[THE TASK] Output a verbatim copy of the data, cut off after the line that contains "enn2ereal (\<integral>\<^sup>+ x. ennreal (q".

[INFORMATION SHOWN]
- - - - - - -

(* Let $\nu$ be a probability measure on $\mathbb{R}$ with $H(\nu)$ finite, and let $\mu$ be a probability measure on $\mathbb{R}$. Assume that $$\int\log(1+|x|)\,d\nu(x)<\infty\quad\text{and}\quad\int\log(1+|x|)\,d\mu(x)<\infty.$$ Then $$\liminf_{t\to0}\frac{H(\mu*D_{t}^{*}(\nu))}{|\log t|}=\liminf_{t\to0}\frac{H(\mu*D_{t}^{*}(\chi_{[0,1]}))}{|\log t|},$$ where $\chi_{[0,1]}$ denotes the measure $\chi_{[0,1]}(x)\,dx$. In particular, the left-hand side does not depend on $\nu$.
   Context: For $t>0$, $D_t:\mathbb{R}\to\mathbb{R}$ is the dilation $x\mapsto tx$, and $D_t^*(\rho)$ is the push-forward of a measure $\rho$ by $D_t$. For a non-negative measurable function $q$, $H(q(x)\,dx)=\int q(x)\log q(x)\,dx$; this is used even when $q(x)\,dx$ is not a probability measure. The statement $H(\nu)$ finite means that $\nu$ is Lebesgue absolutely continuous and its density $q$ has $\int q\log q\,dx$ finite. *)

theory Defs
  imports "HOL-Probability.Probability"
begin

definition ent_dens :: "(real \<Rightarrow> real) \<Rightarrow> ereal" where
  "ent_dens q =
     enn2ereal (\<integral>\<^sup>+ x. ennreal (q x * ln (q x)) \<partial>lborel)
     - enn2ereal (\<integral>\<^sup>+ x. ennreal (- (q x * ln (q x))) \<partial>lborel)"

definition ent :: "real measure \<Rightarrow> ereal" where
  "ent \<nu> = ent_dens (\<lambda>x. enn2real (RN_deriv lborel \<nu> x))"

definition dil :: "real \<Rightarrow> real measure \<Rightarrow> real measure" where
  "dil t \<rho> = distr \<rho> borel (\<lambda>x. t * x)"

end

theory Submission
  imports Defs
begin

- - - - - - -

[YOUR RESPONSE]
(* Let $\nu$ be a probability measure on $\mathbb{R}$ with $H(\nu)$ finite, and let $\mu$ be a probability measure on $\mathbb{R}$. Assume that $$\int\log(1+|x|)\,d\nu(x)<\infty\quad\text{and}\quad\int\log(1+|x|)\,d\mu(x)<\infty.$$ Then $$\liminf_{t\to0}\frac{H(\mu*D_{t}^{*}(\nu))}{|\log t|}=\liminf_{t\to0}\frac{H(\mu*D_{t}^{*}(\chi_{[0,1]}))}{|\log t|},$$ where $\chi_{[0,1]}$ denotes the measure $\chi_{[0,1]}(x)\,dx$. In particular, the left-hand side does not depend on $\nu$.
   Context: For $t>0$, $D_t:\mathbb{R}\to\mathbb{R}$ is the dilation $x\mapsto tx$, and $D_t^*(\rho)$ is the push-forward of a measure $\rho$ by $D_t$. For a non-negative measurable function $q$, $H(q(x)\,dx)=\int q(x)\log q(x)\,dx$; this is used even when $q(x)\,dx$ is not a probability measure. The statement $H(\nu)$ finite means that $\nu$ is Lebesgue absolutely continuous and its density $q$ has $\int q\log q\,dx$ finite. *)

theory Defs
  imports "HOL-Probability.Probability"
begin

definition ent_dens :: "(real \<Rightarrow> real) \<Rightarrow> ereal" where
  "ent_dens q =
     enn2ereal (\<integral>\<^sup>+ x. ennreal (q x * ln (q x)) \<partial>lborel)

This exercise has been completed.